lemma AE_summable_if_summable_nn_integrals:
  fixes g :: "nat \<Rightarrow> 'a \<Rightarrow> real"
  assumes [measurable]: "\<And>m. g m \<in> borel_measurable M"
    and "\<And>m x. 0 \<le> g m x"
    and "\<And>m. (\<integral>\<^sup>+x. g m x \<partial>M) \<le> ennreal (u m)"
    and "summable u" "\<And>m. 0 \<le> u m"
  shows "AE x in M. summable (\<lambda>m. g m x)"
proof -
  have "(\<integral>\<^sup>+x. (\<Sum>m. ennreal (g m x)) \<partial>M) = (\<Sum>m. \<integral>\<^sup>+x. g m x \<partial>M)"
    by (rule nn_integral_suminf) simp
  also have "\<dots> \<le> (\<Sum>m. ennreal (u m))"
    using assms(3) by (intro suminf_le summableI)
  also have "\<dots> < \<infinity>"
    using ennreal_suminf_neq_top[OF assms(4,5)] by (simp add: less_top)
  finally have "AE x in M. (\<Sum>m. ennreal (g m x)) \<noteq> \<infinity>"
    by (intro nn_integral_noteq_infinite) (auto simp: less_top)
  then show ?thesis
    by eventually_elim (use assms(2) in \<open>auto intro: summable_suminf_not_top\<close>)
qed

lemma Rademacher_Menshov_weight_step:
  fixes A B :: real
  assumes "0 \<le> A" "0 \<le> B"
  shows "(real m + 1)\<^sup>2 * A + (real m + 2) * A + (real m + 2) * (real m + 1) * B
    \<le> (real m + 2)\<^sup>2 * (A + B)"
proof -
  have "((real m + 1)\<^sup>2 + (real m + 2)) * A \<le> (real m + 2)\<^sup>2 * A"
    using assms by (intro mult_right_mono) (auto simp: power2_eq_square algebra_simps)
  moreover have "(real m + 2) * (real m + 1) * B \<le> (real m + 2)\<^sup>2 * B"
    using assms by (intro mult_right_mono) (auto simp: power2_eq_square)
  ultimately show ?thesis by (simp add: algebra_simps)
qed

locale orthonormal_seq =
  fixes M :: "'a measure" and \<psi> :: "nat \<Rightarrow> 'a \<Rightarrow> real"
  assumes borel_measurable [measurable]: "\<And>k. \<psi> k \<in> borel_measurable M"
    and integrable_square: "\<And>k. integrable M (\<lambda>x. (\<psi> k x)\<^sup>2)"
    and orthonormal: "\<And>k l. (\<integral>x. \<psi> k x * \<psi> l x \<partial>M) = (if k = l then 1 else 0)"
begin

lemma integrable_mult: "integrable M (\<lambda>x. \<psi> k x * \<psi> l x)"
proof (rule Bochner_Integration.integrable_bound)
  show "integrable M (\<lambda>x. (\<psi> k x)\<^sup>2 + (\<psi> l x)\<^sup>2)"
    using integrable_square by auto
  have "\<bar>u * v\<bar> \<le> u\<^sup>2 + v\<^sup>2" for u v :: real
    using sum_squares_bound[of "\<bar>u\<bar>" "\<bar>v\<bar>"] abs_ge_zero[of "u * v"]
    by (simp only: abs_mult power2_abs)
  then show "AE x in M. norm (\<psi> k x * \<psi> l x) \<le> norm ((\<psi> k x)\<^sup>2 + (\<psi> l x)\<^sup>2)"
    by simp
qed measurable

lemma
  assumes "finite K"
  shows integrable_square_sum: "integrable M (\<lambda>x. (\<Sum>k\<in>K. c k * \<psi> k x)\<^sup>2)"
    and integral_square_sum: "(\<integral>x. (\<Sum>k\<in>K. c k * \<psi> k x)\<^sup>2 \<partial>M) = (\<Sum>k\<in>K. (c k)\<^sup>2)"
proof -
  have expand: "(\<Sum>k\<in>K. c k * \<psi> k x)\<^sup>2 = (\<Sum>k\<in>K. \<Sum>l\<in>K. (c k * c l) * (\<psi> k x * \<psi> l x))" for x
    by (simp add: power2_eq_square sum_product mult_ac)
  show "integrable M (\<lambda>x. (\<Sum>k\<in>K. c k * \<psi> k x)\<^sup>2)"
    unfolding expand using integrable_mult by auto
  have "(\<integral>x. (\<Sum>k\<in>K. c k * \<psi> k x)\<^sup>2 \<partial>M) = (\<Sum>k\<in>K. \<Sum>l\<in>K. (c k * c l) * (if k = l then 1 else 0))"
    unfolding expand using integrable_mult by (simp add: orthonormal)
  also have "\<dots> = (\<Sum>k\<in>K. (c k)\<^sup>2)"
    using assms by (simp add: power2_eq_square if_distrib cong: if_cong)
  finally show "(\<integral>x. (\<Sum>k\<in>K. c k * \<psi> k x)\<^sup>2 \<partial>M) = (\<Sum>k\<in>K. (c k)\<^sup>2)" .
qed

lemma nn_integral_square_sum:
  "finite K \<Longrightarrow> (\<integral>\<^sup>+x. ennreal ((\<Sum>k\<in>K. c k * \<psi> k x)\<^sup>2) \<partial>M) = ennreal (\<Sum>k\<in>K. (c k)\<^sup>2)"
  by (simp add: nn_integral_eq_integral integrable_square_sum integral_square_sum)

definition block_sum :: "(nat \<Rightarrow> real) \<Rightarrow> nat \<Rightarrow> nat \<Rightarrow> 'a \<Rightarrow> real" where
  "block_sum c s j x = (\<Sum>k\<in>{s..<s + j}. c k * \<psi> k x)"

definition block_max :: "(nat \<Rightarrow> real) \<Rightarrow> nat \<Rightarrow> nat \<Rightarrow> 'a \<Rightarrow> real" where
  "block_max c m s x = Max ((\<lambda>j. \<bar>block_sum c s j x\<bar>) ` {..2 ^ m})"

lemma block_sum_borel_measurable [measurable]: "block_sum c s j \<in> borel_measurable M"
  unfolding block_sum_def by measurable

lemma block_max_borel_measurable [measurable]: "block_max c m s \<in> borel_measurable M"
  unfolding block_max_def by (intro borel_measurable_Max) auto

lemma block_sum_add: "block_sum c s (i + j) x = block_sum c s i x + block_sum c (s + i) j x"
  unfolding block_sum_def by (simp add: sum.atLeastLessThan_concat add.assoc)

lemma abs_block_sum_le_block_max: "j \<le> 2 ^ m \<Longrightarrow> \<bar>block_sum c s j x\<bar> \<le> block_max c m s x"
  unfolding block_max_def by (intro Max_ge) auto

lemma block_max_nonneg: "0 \<le> block_max c m s x"
  using abs_block_sum_le_block_max[of 0 m c s x] by simp

lemma block_max_Suc_le:
  "block_max c (Suc m) s x
    \<le> max (block_max c m s x) (\<bar>block_sum c s (2 ^ m) x\<bar> + block_max c m (s + 2 ^ m) x)"
proof -
  have "\<bar>block_sum c s j x\<bar>
      \<le> max (block_max c m s x) (\<bar>block_sum c s (2 ^ m) x\<bar> + block_max c m (s + 2 ^ m) x)"
    if j: "j \<le> 2 ^ Suc m" for j
  proof (cases "j \<le> 2 ^ m")
    case True
    then show ?thesis by (meson abs_block_sum_le_block_max max.coboundedI1)
  next
    case False
    then have "block_sum c s j x = block_sum c s (2 ^ m) x + block_sum c (s + 2 ^ m) (j - 2 ^ m) x"
      using block_sum_add[of c s "2 ^ m" "j - 2 ^ m"] by simp
    moreover have "\<bar>block_sum c (s + 2 ^ m) (j - 2 ^ m) x\<bar> \<le> block_max c m (s + 2 ^ m) x"
      using j by (intro abs_block_sum_le_block_max) auto
    ultimately show ?thesis by (simp add: max.coboundedI2)
  qed
  then show ?thesis
    unfolding block_max_def[of c "Suc m"] by (intro Max.boundedI) auto
qed

lemma nn_integral_square_block_sum:
  "(\<integral>\<^sup>+x. ennreal ((block_sum c s j x)\<^sup>2) \<partial>M) = ennreal (\<Sum>k\<in>{s..<s + j}. (c k)\<^sup>2)"
  unfolding block_sum_def by (rule nn_integral_square_sum) simp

**WORK REQUEST**
Would you please reproduce the entries above word for word?

**OUTPUT OF THE EXERCISE**
lemma AE_summable_if_summable_nn_integrals:
  fixes g :: "nat \<Rightarrow> 'a \<Rightarrow> real"
  assumes [measurable]: "\<And>m. g m \<in> borel_measurable M"
    and "\<And>m x. 0 \<le> g m x"
    and "\<And>m. (\<integral>\<^sup>+x. g m x \<partial>M) \<le> ennreal (u m)"
    and "summable u" "\<And>m. 0 \<le> u m"
  shows "AE x in M. summable (\<lambda>m. g m x)"
proof -
  have "(\<integral>\<^sup>+x. (\<Sum>m. ennreal (g m x)) \<partial>M) = (\<Sum>m. \<integral>\<^sup>+x. g m x \<partial>M)"
    by (rule nn_integral_suminf) simp
  also have "\<dots> \<le> (\<Sum>m. ennreal (u m))"
    using assms(3) by (intro suminf_le summableI)
  also have "\<dots> < \<infinity>"
    using ennreal_suminf_neq_top[OF assms(4,5)] by (simp add: less_top)
  finally have "AE x in M. (\<Sum>m. ennreal (g m x)) \<noteq> \<infinity>"
    by (intro nn_integral_noteq_infinite) (auto simp: less_top)
  then show ?thesis
    by eventually_elim (use assms(2) in \<open>auto intro: summable_suminf_not_top\<close>)
qed

lemma Rademacher_Menshov_weight_step:
  fixes A B :: real
  assumes "0 \<le> A" "0 \<le> B"
  shows "(real m + 1)\<^sup>2 * A + (real m + 2) * A + (real m + 2) * (real m + 1) * B
    \<le> (real m + 2)\<^sup>2 * (A + B)"
proof -
  have "((real m + 1)\<^sup>2 + (real m + 2)) * A \<le> (real m + 2)\<^sup>2 * A"
    using assms by (intro mult_right_mono) (auto simp: power2_eq_square algebra_simps)
  moreover have "(real m + 2) * (real m + 1) * B \<le> (real m + 2)\<^sup>2 * B"
    using assms by (intro mult_right_mono) (auto simp: power2_eq_square)
  ultimately show ?thesis by (simp add: algebra_simps)
qed

locale orthonormal_seq =
  fixes M :: "'a measure" and \<psi> :: "nat \<Rightarrow> 'a \<Rightarrow> real"
  assumes borel_measurable [measurable]: "\<And>k. \<psi> k \<in> borel_measurable M"
    and integrable_square: "\<And>k. integrable M (\<lambda>x. (\<psi> k x)\<^sup>2)"
    and orthonormal: "\<And>k l. (\<integral>x. \<psi> k x * \<psi> l x \<partial>M) = (if k = l then 1 else 0)"
begin

lemma integrable_mult: "integrable M (\<lambda>x. \<psi> k x * \<psi> l x)"
proof (rule Bochner_Integration.integrable_bound)
  show "integrable M (\<lambda>x. (\<psi> k x)\<^sup>2 + (\<psi> l x)\<^sup>2)"
    using integrable_square by auto
  have "\<bar>u * v\<bar> \<le> u\<^sup>2 + v\<^sup>2" for u v :: real
    using sum_squares_bound[of "\<bar>u\<bar>" "\<bar>v\<bar>"] abs_ge_zero[of "u * v"]
    by (simp only: abs_mult power2_abs)
  then show "AE x in M. norm (\<psi> k x * \<psi> l x) \<le> norm ((\<psi> k x)\<^sup>2 + (\<psi> l x)\<^sup>2)"
    by simp
qed measurable

lemma
  assumes "finite K"
  shows integrable_square_sum: "integrable M (\<lambda>x. (\<Sum>k\<in>K. c k * \<psi> k x)\<^sup>2)"
    and integral_square_sum: "(\<integral>x. (\<Sum>k\<in>K. c k * \<psi> k x)\<^sup>2 \<partial>M) = (\<Sum>k\<in>K. (c k)\<^sup>2)"
proof -
  have expand: "(\<Sum>k\<in>K. c k * \<psi> k x)\<^sup>2 = (\<Sum>k\<in>K. \<Sum>l\<in>K. (c k * c l) * (\<psi> k x * \<psi> l x))" for x
    by (simp add: power2_eq_square sum_product mult_ac)
  show "integrable M (\<lambda>x. (\<Sum>k\<in>K. c k * \<psi> k x)\<^sup>2)"
    unfolding expand using integrable_mult by auto
  have "(\<integral>x. (\<Sum>k\<in>K. c k * \<psi> k x)\<^sup>2 \<partial>M) = (\<Sum>k\<in>K. \<Sum>l\<in>K. (c k * c l) * (if k = l then 1 else 0))"
    unfolding expand using integrable_mult by (simp add: orthonormal)
  also have "\<dots> = (\<Sum>k\<in>K. (c k)\<^sup>2)"
    using assms by (simp add: power2_eq_square if_distrib cong: if_cong)
  finally show "(\<integral>x. (\<Sum>k\<in>K. c k * \<psi> k x)\<^sup>2 \<partial>M) = (\<Sum>k\<in>K. (c k)\<^sup>2)" .
qed

lemma nn_integral_square_sum:
  "finite K \<Longrightarrow> (\<integral>\<^sup>+x. ennreal ((\<Sum>k\<in>K. c k * \<psi> k x)\<^sup>2) \<partial>M) = ennreal (\<Sum>k\<in>K. (c k)\<^sup>2)"
  by (simp add: nn_integral_eq_integral integrable_square_sum integral_square_sum)

definition block_sum :: "(nat \<Rightarrow> real) \<Rightarrow> nat \<Rightarrow> nat \<Rightarrow> 'a \<Rightarrow> real" where
  "block_sum c s j x = (\<Sum>k\<in>{s..<s + j}. c k * \<psi> k x)"

definition block_max :: "(nat \<Rightarrow> real) \<Rightarrow> nat \<Rightarrow> nat \<Rightarrow> 'a \<Rightarrow> real" where
  "block_max c m s x = Max ((\<lambda>j. \<bar>block_sum c s j x\<bar>) ` {..2 ^ m})"

lemma block_sum_borel_measurable [measurable]: "block_sum c s j \<in> borel_measurable M"
  unfolding block_sum_def by measurable

lemma block_max_borel_measurable [measurable]: "block_max c m s \<in> borel_measurable M"
  unfolding block_max_def by (intro borel_measurable_Max) auto

lemma block_sum_add: "block_sum c s (i + j) x = block_sum c s i x + block_sum c (s + i) j x"
  unfolding block_sum_def by (simp add: sum.atLeastLessThan_concat add.assoc)

lemma abs_block_sum_le_block_max: "j \<le> 2 ^ m \<Longrightarrow> \<bar>block_sum c s j x\<bar> \<le> block_max c m s x"
  unfolding block_max_def by (intro Max_ge) auto

lemma block_max_nonneg: "0 \<le> block_max c m s x"
  using abs_block_sum_le_block_max[of 0 m c s x] by simp

lemma block_max_Suc_le:
  "block_max c (Suc m) s x
    \<le> max (block_max c m s x) (\<bar>block_sum c s (2 ^ m) x\<bar> + block_max c m (s + 2 ^ m) x)"
proof -
  have "\<bar>block_sum c s j x\<bar>
      \<le> max (block_max c m s x) (\<bar>block_sum c s (2 ^ m) x\<bar> + block_max c m (s + 2 ^ m) x)"
    if j: "j \<le> 2 ^ Suc m" for j
  proof (cases "j \<le> 2 ^ m")
    case True
    then show ?thesis by (meson abs_block_sum_le_block_max max.coboundedI1)
  next
    case False
    then have "block_sum c s j x = block_sum c s (2 ^ m) x + block_sum c (s + 2 ^ m) (j - 2 ^ m) x"
      using block_sum_add[of c s "2 ^ m" "j - 2 ^ m"] by simp
    moreover have "\<bar>block_sum c (s + 2 ^ m) (j - 2 ^ m) x\<bar> \<le> block_max c m (s + 2 ^ m) x"
      using j by (intro abs_block_sum_le_block_max) auto
    ultimately show ?thesis by (simp add: max.coboundedI2)
  qed
  then show ?thesis
    unfolding block_max_def[of c "Suc m"] by (intro Max.boundedI) auto
qed

lemma nn_integral_square_block_sum:
  "(\<integral>\<^sup>+x. ennreal ((block_sum c s j x)\<^sup>2) \<partial>M) = ennreal (\<Sum>k\<in>{s..<s + j}. (c k)\<^sup>2)"
  unfolding block_sum_def by (rule nn_integral_square_sum) simp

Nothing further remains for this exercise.